The study found evidence of only one major project at a New Zealand university funded by the tobacco industry. This work, at the University of Auckland , was part of a wider Philip Morris plan during 1988–1996, called Project Cosmic (Philip Morris 1991, Mangan 1994). Two key objectives of Project Cosmic were to facilitate research and publications that might suggest that smoking has benefits, and to keep up with the “changing scientific and public policy environment” by the development of a network of experts (Philip Morris 1990).

In May 1988, the University of Auckland signed a contract with Philip Morris for a three-year research project (Ennis 1992). The project was for three experiments to further examine the theory that nicotine enhances “psychological comfort” and “mental and psychomotor performance” (Mangan 1987, Bergquist and Houghton 1988). The project was renewed (through the University of Auckland company UniServices Ltd) in 1990, 1992 and 1994, with a total funding of at least US$790,000 during 1988–1996 (Philip Morris 1991, 1996, Mangan 1994).

From 1992, the University of Auckland project workers published a number of articles about this research in peer-reviewed journals (Colrain et al. 1992, Bates et al. 1994, 1995, Stough et al. 1994, 1995). The articles included suggestions that nicotine via smoking might be beneficial for memory consolidation in some circumstances, and that this nicotine was associated with reduced decision time and inspection time, and improved intelligence test scores. The direction of the research which highlighted apparent “benefits” was at odds with work elsewhere that focused more on the increased stress for smokers created by nicotine addiction (Cohen and Lichtenstein 1990, Pomerleau and Pomerleau 1990, Tate et al. 1994, Parrott 1995a, 1995b, 1998, West and Hajek 1997).

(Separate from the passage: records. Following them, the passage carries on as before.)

(* Let $p$ be an odd prime, let $\Delta\in\mathbb{Z}$ with $\Delta\equiv 3\pmod 4$ be a quadratic non-residue modulo $p$, and let $\mathfrak{p}=p\mathbb{Z}[\sqrt{\Delta}]$. Let $A_p=\prod_{0\le k\le p-1}(k+\sqrt{\Delta})$. Then $$A_p^{\frac{(p-1)(p-3)}{4}}\equiv\begin{cases}\Delta^{-\frac{p-1}{4}}\pmod{\mathfrak{p}}&\text{if } p\equiv 1\pmod 4,\\ (-1)^{\frac{p-3}{4}}\pmod{\mathfrak{p}}&\text{if } p\equiv 3\pmod 4,\end{cases}$$ where $\Delta^{-1}$ denotes the inverse of $\Delta$ modulo $p$. *)

theory Defs
  imports "HOL-Number_Theory.Number_Theory"
begin

text \<open>Elements of Z[sqrt D] are represented as pairs (a, b) of integers, meaning a + b sqrt D.\<close>

definition zs_mult :: "int \<Rightarrow> int \<times> int \<Rightarrow> int \<times> int \<Rightarrow> int \<times> int" where
  "zs_mult D x y = (fst x * fst y + D * snd x * snd y, fst x * snd y + snd x * fst y)"

fun zs_pow :: "int \<Rightarrow> int \<times> int \<Rightarrow> nat \<Rightarrow> int \<times> int" where
  "zs_pow D x 0 = (1, 0)"
| "zs_pow D x (Suc n) = zs_mult D x (zs_pow D x n)"

fun zs_A :: "int \<Rightarrow> nat \<Rightarrow> int \<times> int" where
  "zs_A D 0 = (1, 0)"
| "zs_A D (Suc n) = zs_mult D (int n, 1) (zs_A D n)"

text \<open>Congruence modulo the ideal p Z[sqrt D]: both coordinates of the difference divisible by p.\<close>
definition zs_cong :: "int \<Rightarrow> int \<times> int \<Rightarrow> int \<times> int \<Rightarrow> bool" where
  "zs_cong p x y \<longleftrightarrow> p dvd (fst x - fst y) \<and> p dvd (snd x - snd y)"
(* Consider the problem $\min_{x\in\mathbb{R}^n} F(x):=f(x)+g(x)$ subject to $Ax=b$, under the setting described in the context, and let $\lambda^*$ be an optimal solution of $\max_{\lambda\in\mathbb{R}^m} d(\lambda)$. Let $\{\lambda^k\}$ be generated by the IAL framework described in the context, where the tolerance sequence $\{\eta_k\}$ is positive, nonincreasing, and satisfies $\sum_{k=1}^{+\infty}\eta_k<+\infty$. Let $\delta_k:=d(\lambda^* )-d(\lambda^k)$, $$B:=\sqrt{\|\lambda^1-\lambda^*\|^2+2\beta\sum_{k=1}^{+\infty}\eta_k},\qquad \theta:=\frac{\beta}{4B^2},$$ and let $k_0\ge 4$ be an integer such that $$\max_{k\ge k_0}\delta_k\le\frac{1}{2\theta}\quad\text{and}\quad\max_{k\ge k_0}\eta_k\le\frac{1}{24\theta}.$$ Suppose moreover that $$\sqrt{\frac{\eta_{k+1}}{\eta_k}}\ge\frac{k-2}{k},\qquad k=k_0,k_0+1,\dots.$$ Define $\tau_1:=\frac{k_0}{4\theta}$ and $\tau_2:=\frac{1}{4\theta\sqrt{\eta_{k_0}}}$. Then $$\delta_k\le\frac{\tau_1}{k}+\tau_2\sqrt{\eta_k},\qquad k=k_0,k_0+1,\dots.$$
   Context: Let $A\in\mathbb{R}^{m\times n}$ and $b\in\mathbb{R}^m$. Let $f:\mathbb{R}^n\to\mathbb{R}$ be convex and differentiable with Lipschitz continuous gradient. Let $g:\mathbb{R}^n\to\mathbb{R}\cup\{+\infty\}$ be a closed proper convex (possibly nonsmooth) function with bounded domain. Fix a penalty parameter $\beta>0$. For $\lambda\in\mathbb{R}^m$, define $$\hat f_\beta(x;\lambda):=f(x)+\langle\lambda,Ax-b\rangle+\tfrac{\beta}{2}\|Ax-b\|^2,\qquad \mathcal{L}_\beta(x;\lambda):=\hat f_\beta(x;\lambda)+g(x),$$ and $d(\lambda):=\min_{x\in\mathbb{R}^n}\mathcal{L}_\beta(x;\lambda)$. Here $\nabla\hat f_\beta(x;\lambda)$ denotes the gradient of $\hat f_\beta$ with respect to $x$. IAL framework: choose $x^1\in\operatorname{dom} g$, $\lambda^1\in\mathbb{R}^m$, and a nonnegative sequence $\{\eta_k\}$. For $k=1,2,\dots$: find a point $x^{k+1}$ such that $$\max_{x\in\mathbb{R}^n}\Big\{\langle\nabla\hat f_\beta(x^{k+1};\lambda^k),\,x^{k+1}-x\rangle+g(x^{k+1})-g(x)\Big\}\le\eta_k,$$ and then set $\lambda^{k+1}=\lambda^k+\beta(Ax^{k+1}-b)$. *)

theory Defs
  imports "HOL-Analysis.Analysis"
begin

From the interviews, there appears to have been a range of opinions within the University of Auckland about the research funded by Philip Morris. On the one hand, there were benefits to the University: “a lot of people were very happy that the research came to Auckland . It left a well established laboratory, a stack of publications, students got publications that helped them then go and get jobs elsewhere.” On the other hand, there was perceived to be pressure from parts of the University of Auckland , including the medical school, not to be associated with a tobacco company.

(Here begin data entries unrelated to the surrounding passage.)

definition link_comp :: "bool \<Rightarrow> 'a lpo \<Rightarrow> nat \<Rightarrow> nat set" where
  "link_comp b P x = {y. (x, y) \<in> (link b P (car P))\<^sup>*}"

definition link_comps :: "bool \<Rightarrow> 'a lpo \<Rightarrow> nat set set" where
  "link_comps b P = link_comp b P ` car P"

lemma sym_link: "sym (link b P S)"
  unfolding link_def sym_def by auto

lemma rtrancl_link_sym: "(x, y) \<in> (link b P S)\<^sup>* \<Longrightarrow> (y, x) \<in> (link b P S)\<^sup>*"
  using sym_rtrancl[OF sym_link] by (rule symD)

lemma link_mono: "S \<subseteq> S' \<Longrightarrow> link b P S \<subseteq> link b P S'"
  unfolding link_def by auto

lemma link_restr: "S \<subseteq> R \<Longrightarrow> link b (restr P R) S = link b P S"
  unfolding link_def by auto

lemma link_connected_restr: "S \<subseteq> R \<Longrightarrow> link_connected b (restr P R) S \<longleftrightarrow> link_connected b P S"
  unfolding link_connected_def by (simp add: link_restr)

lemma link_connected_card_le_1:
  assumes "finite S" "card S \<le> 1"
  shows "link_connected b P S"
proof -
  have "\<forall>x\<in>S. \<forall>y\<in>S. x = y"
    using assms card_le_Suc0_iff_eq by auto
  then show ?thesis
    unfolding link_connected_def by auto
qed

lemma rtrancl_link_closed:
  assumes "\<And>x y. x \<in> C \<Longrightarrow> (x, y) \<in> link b P S \<Longrightarrow> y \<in> C" "x \<in> C" "(x, y) \<in> (link b P S)\<^sup>*"
  shows "y \<in> C"
  using assms(3,2) by induction (use assms(1) in blast)+

lemma rtrancl_link_in: "x \<in> S \<Longrightarrow> (x, y) \<in> (link b P S)\<^sup>* \<Longrightarrow> y \<in> S"
  using rtrancl_link_closed[of S] unfolding link_def by blast

lemma link_comp_subset: "x \<in> car P \<Longrightarrow> link_comp b P x \<subseteq> car P"
  unfolding link_comp_def using rtrancl_link_in by blast

lemma link_comp_self: "x \<in> link_comp b P x"
  unfolding link_comp_def by simp

lemma link_connected_link_comps:
  "link_connected b P (car P) \<Longrightarrow> C \<in> link_comps b P \<Longrightarrow> C = car P"
  unfolding link_connected_def link_comps_def using link_comp_subset by (fastforce simp: link_comp_def)

lemma comp_related_not_link:
  "comp_related b P S T \<Longrightarrow> x \<in> S \<Longrightarrow> y \<in> T \<Longrightarrow> (x, y) \<notin> link b P R"
  unfolding comp_related_def link_def by (cases b) auto

lemma comp_related_link:
  "comp_related b P S T \<Longrightarrow> S \<inter> T = {} \<Longrightarrow> x \<in> S \<Longrightarrow> y \<in> T \<Longrightarrow> S \<union> T \<subseteq> R \<Longrightarrow>
    (x, y) \<in> link (\<not> b) P R"
  unfolding comp_related_def link_def by (cases b) auto

lemma comp_split_not_link_connected:
  assumes "S \<union> T = R" "S \<inter> T = {}" "S \<noteq> {}" "T \<noteq> {}" "comp_related b P S T"
  shows "\<not> link_connected b P R"
proof -
  obtain x y where "x \<in> S" "y \<in> T"
    using assms(3,4) by blast
  moreover have "(x, y) \<notin> (link b P R)\<^sup>*"
  proof
    assume "(x, y) \<in> (link b P R)\<^sup>*"
    then have "y \<in> S"
      using rtrancl_link_closed[of S b P R x y] \<open>x \<in> S\<close> assms(1,5) comp_related_not_link
      unfolding link_def by blast
    then show False
      using \<open>y \<in> T\<close> assms(2) by blast
  qed
  ultimately show ?thesis
    using assms(1) unfolding link_connected_def by blast
qed

lemma link_connected_two_parts:
  assumes "S \<union> T = R" "S \<noteq> {}" "T \<noteq> {}" "\<And>s t. s \<in> S \<Longrightarrow> t \<in> T \<Longrightarrow> (s, t) \<in> link b P R"
  shows "link_connected b P R"
  unfolding link_connected_def
proof (intro ballI)
  fix x z assume "x \<in> R" "z \<in> R"
  obtain s0 t0 where "s0 \<in> S" "t0 \<in> T"
    using assms(2,3) by blast
  have "(t, s) \<in> link b P R" if "s \<in> S" "t \<in> T" for s t
    using assms(4)[OF that] sym_link by (metis symD)
  then show "(x, z) \<in> (link b P R)\<^sup>*"
    using \<open>x \<in> R\<close> \<open>z \<in> R\<close> assms(1,4) \<open>s0 \<in> S\<close> \<open>t0 \<in> T\<close>
    by (metis UnE converse_rtrancl_into_rtrancl r_into_rtrancl)
qed
(* Let $\mathbf d=(d_1,\ldots,d_n)$ be a degree sequence, $w\in[n]$, and let $V_w\subseteq[n]$ and $\mathbf d_{n,w}=(d_v)_{v\in V_w}$ be as described in the context. Let $\mathcal G_w$ be a random functional graph on vertex set $V_w$ with degree sequence $\mathbf d_{n,w}$, i.e. the graph of a uniformly random $f:V_w\to V_w$ with $|f^{-1}(\{v\})|=d_v$ for all $v\in V_w$. Then an $n$-extension of $\mathcal G_w$ is a random functional graph with degree sequence $\mathbf d$, i.e. it is distributed as the graph of a uniformly random element of $\mathfrak F(\mathbf d)$.
   Context: A degree sequence is $\mathbf d=(d_1,\ldots,d_n)\in\mathbb N_0^n$ with $\sum_j d_j=n$; $\mathfrak F(\mathbf d)=\{f:[n]\to[n]: |f^{-1}(\{i\})|=d_i\ \forall i\}$; the functional graph of $f:V\to V$ has vertex set $V$ and edges $(v,f(v))$. Let $\sigma^2=\frac1n\sum_j d_j^2-1$ and $\hat n=\lfloor (n\sigma^2)^{4/3}\rfloor$. If $\hat n\ge n$, $V_w=[n]$. Otherwise let $v_1,\ldots,v_{n-\hat n}$ be $n-\hat n$ distinct vertices in $[n]\setminus\{w\}$ with $d_{v_i}=1$, chosen by a fixed deterministic rule (such vertices exist), and $V_w=[n]\setminus\{v_1,\ldots,v_{n-\hat n}\}$. ($\sum_{v\in V_w}d_v=|V_w|$.) Given $V'\subseteq[n]$ and a functional graph $G=(V',E')$ on $V'$, an $n$-extension of $G$ is the random graph on $[n]$ produced as follows: start with $V_0=V'$, $E_0=E'$; while $V_i\ne[n]$, let $u$ be the smallest element of $[n]\setminus V_i$; with probability $1/(|E_i|+1)$ set $V_{i+1}=V_i\cup\{u\}$, $E_{i+1}=E_i\cup\{(u,u)\}$ (a loop); otherwise choose an edge $(x,y)\in E_i$ uniformly at random and set $V_{i+1}=V_i\cup\{u\}$, $E_{i+1}=(E_i\setminus\{(x,y)\})\cup\{(x,u),(u,y)\}$; all random choices independent. The output is $(V_i,E_i)$ once $V_i=[n]$. *)

theory Defs
  imports "HOL-Probability.Probability"
begin

text \<open>Vertices are natural numbers; [n] = {1..n}. A graph is a pair (vertex set, edge set),
  edges being ordered pairs (v, f v).\<close>

definition degF :: "nat set \<Rightarrow> (nat \<Rightarrow> nat) \<Rightarrow> (nat \<Rightarrow> nat) set" where
  "degF V d = {f. f \<in> V \<rightarrow>\<^sub>E V \<and> (\<forall>i\<in>V. card {v\<in>V. f v = i} = d i)}"

definition fgraph :: "nat set \<Rightarrow> (nat \<Rightarrow> nat) \<Rightarrow> (nat \<times> nat) set" where
  "fgraph V f = {(v, f v) | v. v \<in> V}"

definition random_fg :: "nat set \<Rightarrow> (nat \<Rightarrow> nat) \<Rightarrow> (nat set \<times> (nat \<times> nat) set) pmf" where
  "random_fg V d = map_pmf (\<lambda>f. (V, fgraph V f)) (pmf_of_set (degF V d))"

definition ext_step :: "nat \<Rightarrow> nat set \<times> (nat \<times> nat) set \<Rightarrow> (nat set \<times> (nat \<times> nat) set) pmf" where
  "ext_step n s = (case s of (V, E) \<Rightarrow>
     if V = {1..n} then return_pmf (V, E)
     else (let u = Min ({1..n} - V) in
       bind_pmf (bernoulli_pmf (1 / real (card E + 1)))
         (\<lambda>b. if b then return_pmf (insert u V, insert (u, u) E)
              else map_pmf (\<lambda>(x, y). (insert u V, (E - {(x, y)}) \<union> {(x, u), (u, y)}))
                     (pmf_of_set E))))"

text \<open>n-extension of the graph (V, E): iterate the step (at most n vertices are added,
  so n iterations reach vertex set [n]).\<close>
definition n_extension :: "nat \<Rightarrow> nat set \<times> (nat \<times> nat) set \<Rightarrow> (nat set \<times> (nat \<times> nat) set) pmf" where
  "n_extension n G = ((\<lambda>p. bind_pmf p (ext_step n)) ^^ n) (return_pmf G)"

definition sigma2 :: "nat \<Rightarrow> (nat \<Rightarrow> nat) \<Rightarrow> real" where
  "sigma2 n d = (1 / real n) * (\<Sum>j\<in>{1..n}. real (d j) ^ 2) - 1"

definition hat_n :: "nat \<Rightarrow> (nat \<Rightarrow> nat) \<Rightarrow> nat" where
  "hat_n n d = nat \<lfloor>(real n * sigma2 n d) powr (4 / 3)\<rfloor>"

end

theory Submission
  imports Defs
begin

text \<open>Inserting a new vertex \<open>u\<close> as a loop with probability \<open>1/(|V|+1)\<close>, and otherwise into a
  uniformly chosen edge, is the same as inserting it at a uniformly chosen position
  \<open>z \<in> V \<union> {u}\<close>. When \<open>d u = 1\<close> the insertion map \<open>(g, z) \<mapsto> g'\<close> is a bijection from
  \<open>degF V d \<times> (V \<union> {u})\<close> onto \<open>degF (V \<union> {u}) d\<close>, since \<open>z\<close> is recovered as the unique
  preimage of \<open>u\<close> under \<open>g'\<close>. So each extension step carries the uniform distribution to the
  uniform one, and the vertices outside \<open>V\<^sub>w\<close> all have degree 1.\<close>

lemma bernoulli_pmf_1: "bernoulli_pmf 1 = return_pmf True"
  by (rule pmf_eqI) (auto simp: indicator_def)

lemma pmf_of_set_insert_eq_bernoulli_bind:
  assumes "finite A" "a \<notin> A"
  shows "pmf_of_set (insert a A) =
    bind_pmf (bernoulli_pmf (1 / real (card A + 1))) (\<lambda>b. if b then return_pmf a else pmf_of_set A)"
proof (cases "A = {}")
  case True
  then show ?thesis by (simp add: bernoulli_pmf_1 bind_return_pmf pmf_of_set_singleton)
next
  case False
  show ?thesis
  proof (rule pmf_eqI)
    fix x
    show "pmf (pmf_of_set (insert a A)) x =
          pmf (bind_pmf (bernoulli_pmf (1 / real (card A + 1))) (\<lambda>b. if b then return_pmf a else pmf_of_set A)) x"
      using assms False by (cases "x = a"; cases "x \<in> A") (auto simp: pmf_bind indicator_def field_simps)
  qed
qed

lemma pmf_of_set_Times:
  assumes "finite A" "A \<noteq> {}" "finite B" "B \<noteq> {}"
  shows "pmf_of_set (A \<times> B) = pair_pmf (pmf_of_set A) (pmf_of_set B)"
proof (rule pmf_eqI)
  fix x :: "'a \<times> 'b"
  show "pmf (pmf_of_set (A \<times> B)) x = pmf (pair_pmf (pmf_of_set A) (pmf_of_set B)) x"
    using assms by (cases x) (simp add: pmf_pair card_cartesian_product indicator_def)
qed

lemma bind_pmf_map_pmf_eq_map_pmf_pair:
  "bind_pmf A (\<lambda>x. map_pmf (f x) B) = map_pmf (\<lambda>(x, y). f x y) (pair_pmf A B)"
  by (simp add: pair_pmf_def map_bind_pmf map_pmf_def bind_assoc_pmf bind_return_pmf)

lemma funpow_bind_pmf_return:
  fixes K :: "'a \<Rightarrow> 'a pmf"
  shows "bind_pmf p (\<lambda>x. ((\<lambda>q. bind_pmf q K) ^^ k) (return_pmf x)) = ((\<lambda>q. bind_pmf q K) ^^ k) p"
  by (induction k) (simp_all add: bind_return_pmf' flip: bind_assoc_pmf)

lemma bij_betw_transpose_insert_Diff:
  assumes "u \<notin> V" "z \<in> insert u V"
  shows "bij_betw (Transposition.transpose z u) (insert u V - {z}) V"
    and "bij_betw (Transposition.transpose z u) V (insert u V - {z})"
  using assms by (auto simp: bij_betw_def Transposition.transpose_def image_def)

lemma card_filter_comp_bij_betw:
  assumes "bij_betw h A B"
  shows "card {a\<in>A. g (h a) = i} = card {b\<in>B. g b = i}"
proof -
  have "h ` {a\<in>A. g (h a) = i} = {b\<in>B. g b = i}"
    using assms by (auto simp: bij_betw_def)
  moreover have "inj_on h {a\<in>A. g (h a) = i}"
    using assms by (auto simp: bij_betw_def intro: inj_on_subset)
  ultimately show ?thesis by (metis card_image)
qed

lemma mem_degF_iff:
  "f \<in> degF V d \<longleftrightarrow>
     (\<forall>v\<in>V. f v \<in> V) \<and> (\<forall>v. v \<notin> V \<longrightarrow> f v = undefined) \<and> (\<forall>i\<in>V. card {v\<in>V. f v = i} = d i)"
  unfolding degF_def by (auto simp: PiE_def extensional_def Pi_def)

lemma finite_degF: "finite V \<Longrightarrow> finite (degF V d)"
  by (rule finite_subset[of _ "V \<rightarrow>\<^sub>E V"]) (auto simp: degF_def finite_PiE)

Other relationships between New Zealand universities and the tobacco industry were also found. At the University of Auckland a statistician was employed by both the University and the Tobacco Institute of New Zealand during the late 1980s and early 1990s (Owen 1993). A University of Auckland anatomist commented for Philip Morris on the 1997 California Environmental Protection Agency paper about tobacco smoke pollution, and for the Tobacco Institute of Australia on a similar Australian paper (Tobacco Institute of Australia 1996, California Environmental Protection Agency 1997). A University of Canterbury economist spoke at a Philip Morris Seminar on Taxation, in Washington DC in 1986 (Woodside 1986). A University of Otago marketing academic in 2004 prepared a paper on health warnings for Imperial Tobacco (Todd 2004). At the Victoria University of Wellington, a very senior academic has, through his law firm, acted for the industry at least since 1995 (Curry 1995, Laugesen and Maling 2002, Victoria University of Wellington 2005). Part of his attractiveness to the tobacco industry in 1995–1996 was his academic standing (Tunstall 1995, Thompson 1996).

Institutional Mechanisms Limiting Association between Universities and the Tobacco Industry

What formal or informal institutional mechanisms might have helped avoid such associations as that between Philip Morris and the University of Auckland ? The active use of ethical codes and the development of professional virtues have been suggested as solutions to the potential issues (Edwards and Bhopal 1999). Particular ways by which universities and others can influence such associations include:

  • policies about the disclosure of financial or other associations with particular types of organisations
  • policies that limit such associations
  • supplying information to researchers and funders about the possible consequences for them, for the university and/or for society from such associations
  • the encouragement of professional virtues by incentives and leadership examples.

Below we outline the more prominent of these mechanisms that we found.

Formal University Policies

We found no statements in New Zealand university policies about associations with the tobacco industry, and a general lack of specific statements recognising a duty to protect the public interest. The focus in research policy statements was on individual human rights rather than on the societal impacts of research. A major exception was in the charter developed by the University of Auckland in 2003. This recognises that the “research undertaken in the University and disseminated within the wider community has important cultural and social outcomes.” One of the duties of the university council is to be concerned “for the public interest” (University of Auckland 2003).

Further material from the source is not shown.